To create the new node pool with Kernel Crash Dump disabled:
```
$ gcloud container node-pools create kdump-disabled --cluster=[CLUSTER_NAME]
```
### For COS instances created from [Google Compute Engine] (GCE) directly
#### Enabling Kernel Crash Dump on GCE COS Instances
To enable the Kernel Crash Dump Collection tool on a GCE COS instance, run the
kdump_helper enable command on the instance, then reboot the system.
*Note: Rebooting is required.*
```
$ sudo kdump_helper enable
$ sudo reboot
```
In the event of a kernel crash, the crash dump will be stored on the instances
local boot disk.
[Google Compute Engine]: https://cloud.google.com/compute/
#### Disabling Kernel Crash Dump on GCE COS Instances
To disable the Kernel Crash Dump Collection tool on a GCE COS instance, use the
kdump_helper disable command, then reboot:
```
$ sudo kdump_helper disable
$ sudo reboot
```
Existing crash dumps are not deleted automatically.
### Sharing Kernel Crash Dump with Google
The `sosreport` tool collects crash dumps along with some other debugging
information.
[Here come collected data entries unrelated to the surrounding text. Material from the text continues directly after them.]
(* Let $n\ge1$. For every function $f(t)=\sum_{j=1}^na_je^{\lambda_jt}$ with $a_j,\lambda_j\in\mathbb{C}$ and $\mathrm{Re}(\lambda_j)<0$ for all $j$, $$\|f'\|_{L_2[0,\infty)} \le \left(\frac12+\max_{1\le j\le n}\left|\lambda_j+\frac12\right| + 2\left(\sum_{j=1}^n\mathrm{Re}(\lambda_j)\sum_{k=j+1}^n\mathrm{Re}(\lambda_k)\right)^{1/2}\right)\|f\|_{L_2[0,\infty)}.$$
   Context: $\|g\|_{L_2[0,\infty)}:=(\int_0^\infty|g(t)|^2dt)^{1/2}$. *)

theory Defs
  imports "HOL-Analysis.Analysis"
begin

definition L2_norm_pos :: "(real \<Rightarrow> complex) \<Rightarrow> real" where
  "L2_norm_pos g = sqrt (LINT t:{0..}|lborel. (cmod (g t))^2)"

end

theory Submission
  imports Defs "HOL-Probability.Sinc_Integral"
begin

(* Write f as a sum of c m * e^(m t) over its distinct exponents m.  Since
   -1/(m + cnj m') is the L_2[0,oo) inner product of e^(m t) and e^(m' t), the squared norm
   of f is a Hermitian form in c with this Cauchy matrix.  Multiplying Laplace transforms by
   the Blaschke factor (s + cnj l)/(s - l) is an isometry onto the orthogonal complement of
   e^(l t); hence f = a e^(l t) + (Blaschke image of some g over the other exponents) with
   ||f||^2 = |a|^2/(-2 Re l) + ||g||^2.  Differentiating and inducting along this splitting
   gives f' = p + q with ||p|| <= max |m| ||f|| and ||q||^2 <= 2 T ||f||^2, where
   T = 2 sum_{j<k} Re m_j Re m_k: the part q collects the values g(0), which satisfy
   |g(0)|^2 <= 2 (sum of -Re m) ||g||^2.  Finally |m| <= 1/2 + |m + 1/2|. *)

lemma set_integrable_exp_complex_Ioi:
  fixes z :: complex
  assumes "Re z < 0"
  shows "set_integrable lborel {0<..} (\<lambda>x::real. exp (z * of_real x))"
proof (rule set_integrable_bound[OF integrable_I0i_exp_mscale[of "- Re z"]])
  show "0 < - Re z" using assms by simp
  show "set_borel_measurable lborel {0<..} (\<lambda>x::real. exp (z * of_real x))"
    unfolding set_borel_measurable_def by measurable
  show "AE x in lborel. x \<in> {0<..} \<longrightarrow> norm (exp (z * of_real x)) \<le> norm (exp (- (x * - Re z)))"
    by (simp add: norm_exp_eq_Re mult.commute)
qed

lemma has_bochner_integral_exp_complex_Ioi:
  fixes z :: complex
  assumes "Re z < 0"
  shows "has_bochner_integral lborel (\<lambda>x::real. indicator {0<..} x *\<^sub>R exp (z * of_real x)) (- 1 / z)"
proof -
  have z: "z \<noteq> 0" using assms by auto
  have "(LBINT x=0..\<infinity>. exp (z * of_real x)) = 0 - 1 / z"
  proof (rule interval_integral_FTC_integrable[where F="\<lambda>x. exp (z * of_real x) / z"])
    show "(0::ereal) < \<infinity>" by simp
    show "((\<lambda>x. exp (z * of_real x) / z) has_vector_derivative exp (z * of_real x)) (at x)" for x
    proof -
      have "((\<lambda>w. exp (z * w) / z) has_field_derivative exp (z * of_real x)) (at (of_real x))"
        using z by (auto intro!: derivative_eq_intros simp: field_simps)
      then show ?thesis by (rule has_vector_derivative_real_field)
    qed
    show "isCont (\<lambda>x::real. exp (z * of_real x)) x" for x by (intro continuous_intros)
    show "set_integrable lborel (einterval 0 \<infinity>) (\<lambda>x::real. exp (z * of_real x))"
      using set_integrable_exp_complex_Ioi[OF assms] by (simp add: zero_ereal_def)
    show "(((\<lambda>x. exp (z * of_real x) / z) \<circ> real_of_ereal) \<longlongrightarrow> 1 / z) (at_right 0)"
      using z by (auto simp: zero_ereal_def ereal_tendsto_simps intro!: tendsto_eq_intros)
    have "((\<lambda>x::real. exp (z * of_real x) / z) \<longlongrightarrow> 0) at_top"
    proof (rule tendsto_norm_zero_cancel)
      have "filterlim (\<lambda>x::real. Re z * x) at_bot at_top"
        using assms by (auto intro!: filterlim_tendsto_neg_mult_at_bot filterlim_ident)
      then have "((\<lambda>x::real. exp (Re z * x)) \<longlongrightarrow> 0) at_top"
        by (rule exp_at_bot[THEN filterlim_compose])
      then have "((\<lambda>x::real. exp (Re z * x) / cmod z) \<longlongrightarrow> 0) at_top"
        by (rule tendsto_divide_zero)
      then show "((\<lambda>x::real. norm (exp (z * of_real x) / z)) \<longlongrightarrow> 0) at_top"
        by (simp add: norm_divide norm_exp_eq_Re mult.commute)
    qed
    then show "(((\<lambda>x. exp (z * of_real x) / z) \<circ> real_of_ereal) \<longlongrightarrow> 0) (at_left \<infinity>)"
      unfolding ereal_tendsto_simps by simp
  qed
  then have "(LINT x:{0<..}|lborel. exp (z * of_real x)) = - 1 / z"
    by (simp add: interval_lebesgue_integral_0_infty)
  then show ?thesis
    using set_integrable_exp_complex_Ioi[OF assms]
    unfolding has_bochner_integral_iff set_integrable_def set_lebesgue_integral_def by simp
qed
See [sosreport documentation] for instructions on sharing the
report with Google.
The dump file can be inspected with the [crash] utility.
[crash]: https://github.com/crash-utility/crash
[sosreport documentation]: https://cloud.google.com/container-optimized-os/docs/how-to/sosreport
## Deleting reports from the instance
To remove all existing reports from the instance, run `kdump_helper cleanup`:
```
$ sudo kdump_helper cleanup
```
## Troubleshooting
The [serial port output] of the COS instance will have the logs from
dump-capture kernel, and will indicate what went wrong:
* If the logs shows that the boot disk is full, you can remove some content
on it, or increase the boot disk size.